1780 – The Official Blog of Transylvania University

1780 | The Official Blog of Transylvania University

Transylvania’s new coordinator of civic engagement inspires spirit of service

Tevin Monroe

A recent Transylvania University grad wrote her name on the seat of a chair in Tevin Monroe’s office — along with the words “AWARE — youth crisis advocate: Juneau, AK.”

Monroe hopes the chair — emblazoned with the seal of the AmeriCorps national service organization — will someday have as many comments as a high school senior’s yearbook. He’s starting a tradition: Transy students planning to go off for a year of service work will note where they’re going on the “AmeriChair.”

A former AmeriCorps VISTA member at Transylvania himself, Monroe is the school’s new coordinator of civic engagement.

His new role is similar to the one he’d been filling as a VISTA for the past year: He works with local organizations and students on volunteer teams and in community-based Federal Work-Study programs. In doing so he provides the dual benefit of supplying nonprofits with volunteers, and students with service, leadership and job opportunities.

Monroe was introduced to volunteer work at Detroit’s Wayne State University, where he earned a Bachelor’s of Science in nutrition and public health.

He twice participated in the school’s Alternative Spring Break community engagement projects, which included working in local urban gardens and a nonprofit called Auntie Na’s House, where a woman named Auntie Na provides people with shelter, food and other necessities.

That alternative break taught him to feel more empathetic, non-judgmental and comfortable interacting with Detroit residents he otherwise wouldn’t have gotten a chance to meet. “That experience is what taught me the most about the city,” he said.

“AmeriChair”

That experience also was the impetus for Transylvania’s first Alternative Break in Lexington at the end of the school year. The weeklong program focused on themes of food justice, immigration and community development in partnership with local nonprofits. “We wanted to give students a holistic experience of the city they live in,” Monroe said.

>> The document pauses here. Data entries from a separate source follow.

text \<open>The current vertex set V stays a finite
antichain, no vertex lies in the interior of the upper image f(S) + R^p_+ (hence the optimal value
t of (P^2(v)) is nonnegative and the new vertices lie in [v, w]), and every point of f(S) dominates
a vertex, i.e. the union of the boxes [v, M] is an outer approximation of the upper image. A vertex
is moved to V_eps only when f(x) \<le> w = v + t dhat with |w - v| \<le> eps, so it lies eps-above a
point recorded in Y_WN. At termination V_eps = V; then U contains Y^diamond, which contains L, and
every point of U lies eps-above a point of L. Such an eps-covering turns weak minimality in a
smaller set into eps-minimality in a larger one.\<close>

text \<open>The library's \<open><\<close> on vectors is the strict part of \<open>\<le>\<close>, not the componentwise strict
order needed for weak minimality.\<close>

definition vec_strict_less :: "'a::ord^'n \<Rightarrow> 'a^'n \<Rightarrow> bool" (infix "\<lless>" 50) where
  "x \<lless> y \<longleftrightarrow> (\<forall>i. x $ i < y $ i)"

lemma le_strict_less_trans: "x \<le> y \<Longrightarrow> y \<lless> z \<Longrightarrow> x \<lless> (z::'a::preorder^'n)"
  by (auto simp: less_eq_vec_def vec_strict_less_def intro: le_less_trans)

lemma strict_less_le_trans: "x \<lless> y \<Longrightarrow> y \<le> z \<Longrightarrow> x \<lless> (z::'a::preorder^'n)"
  by (auto simp: less_eq_vec_def vec_strict_less_def intro: less_le_trans)

lemma strict_less_not_le: "x \<lless> y \<Longrightarrow> \<not> y \<le> (x::'a::preorder^'n)"
  by (meson less_eq_vec_def vec_strict_less_def less_le_not_le)

lemma eps_min_eq: "eps_min e Q = {q \<in> Q. \<not> (\<exists>y\<in>Q. y + e \<lless> q)}"
proof -
  have "(\<exists>z\<in>int_orthant. q - e - z \<in> Q) \<longleftrightarrow> (\<exists>y\<in>Q. y + e \<lless> q)" for q
  proof
    assume "\<exists>z\<in>int_orthant. q - e - z \<in> Q"
    then obtain z where "z \<in> int_orthant" "q - e - z \<in> Q" by blast
    then show "\<exists>y\<in>Q. y + e \<lless> q"
      by (intro bexI[of _ "q - e - z"]) (auto simp: int_orthant_def vec_strict_less_def)
  next
    assume "\<exists>y\<in>Q. y + e \<lless> q"
    then obtain y where "y \<in> Q" "y + e \<lless> q" by blast
    then show "\<exists>z\<in>int_orthant. q - e - z \<in> Q"
      by (intro bexI[of _ "q - e - y"]) (auto simp: int_orthant_def vec_strict_less_def less_diff_eq)
  qed
  then show ?thesis
    unfolding eps_min_def by blast
qed

lemma WMin_eq_eps_min_zero: "WMin Q = eps_min 0 Q"
  by (simp add: WMin_def eps_min_def)

lemma WMin_eq: "WMin Q = {q \<in> Q. \<not> (\<exists>y\<in>Q. y \<lless> q)}"
  by (simp add: WMin_eq_eps_min_zero eps_min_eq)

lemma conormal_eq: "conormal M Q = {y. (\<exists>q\<in>Q. q \<le> y) \<and> y \<le> M}"
proof -
  have orthant: "nonneg_orthant = {z. 0 \<le> z}"
    by (simp add: nonneg_orthant_def less_eq_vec_def)
  have "{q + z |q z. q \<in> Q \<and> z \<in> nonneg_orthant} = {y. \<exists>q\<in>Q. q \<le> y}"
    unfolding orthant by (auto intro: add_increasing2) (metis add.commute diff_add_cancel diff_ge_0_iff_ge)
  moreover have "{M - z |z. z \<in> nonneg_orthant} = {y. y \<le> M}"
    unfolding orthant by (auto intro!: exI[of _ "M - y" for y])
  ultimately show ?thesis
    unfolding conormal_def by blast
qed

lemma Ydiamond_eq_conormal: "Ydiamond S f M = conormal M (f ` S)"
  unfolding Ydiamond_def conormal_def by simp

lemma conormal_subset:
  assumes "\<And>q. q \<in> Q \<Longrightarrow> \<exists>p\<in>P. p \<le> q"
  shows "conormal M Q \<subseteq> conormal M P"
  using assms by (auto simp: conormal_eq intro: order_trans)

lemma conormal_eps_cover:
  assumes "\<And>p. p \<in> P \<Longrightarrow> \<exists>q\<in>Q. q \<le> p + e" and "\<And>q. q \<in> Q \<Longrightarrow> q \<le> M"
    and "u \<in> conormal M P"
  shows "\<exists>y\<in>conormal M Q. y \<le> u + e"
proof -
  obtain p where "p \<in> P" "p \<le> u"
    using assms(3) by (auto simp: conormal_eq)
  then obtain q where "q \<in> Q" "q \<le> p + e"
    using assms(1) by blast
  with \<open>p \<le> u\<close> have "q \<le> u + e"
    by (meson add_right_mono order_trans)
  moreover have "q \<in> conormal M Q"
    using \<open>q \<in> Q\<close> assms(2) by (auto simp: conormal_eq)
  ultimately show ?thesis by blast
qed

lemma WMin_subset_eps_min:
  assumes "Y \<subseteq> U" and "\<And>u. u \<in> U \<Longrightarrow> \<exists>y\<in>Y. y \<le> u + e"
  shows "WMin Y \<subseteq> eps_min e U"
  unfolding WMin_eq eps_min_eq using assms le_strict_less_trans by blast

lemma eps_min_Int_subset: "A \<subseteq> B \<Longrightarrow> eps_min e B \<inter> A \<subseteq> eps_min e A"
  by (auto simp: eps_min_eq)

Earlier this month, Monroe and another former Transy VISTA member, Margaux Crider, were recognized with an American Civic Collaboration Awards honorable mention for this past May’s Alternative Break. The honor coincided with the Washington Monthly ranking Transylvania among the nation’s top 10 liberal arts colleges for promoting public service.

Going forward, Monroe looks to work with faculty to increase service learning components in academic coursework. His first public engagement work back at Wayne State, after all, was required for a class. For him, having that class requirement was the nudge needed to learn what kind of impact he could make in a community.

Now Monroe has found his niche — his way of facing a world that can be frustrating because some people are left behind, marginalized, caught up in cycles of generational poverty.

He’s arrived at a mental place where he can say, “I have to do something about this — I can’t let it happen in my neighborhood and not be an active citizen.”

Of all the ways to go about that — from politics to running a nonprofit — Monroe has chosen to promote civic engagement at a university. “That just seems like the best use of my talents and abilities,” he said. “Not everyone can do everything, but everyone can do something. This is the something that I figured I can do.”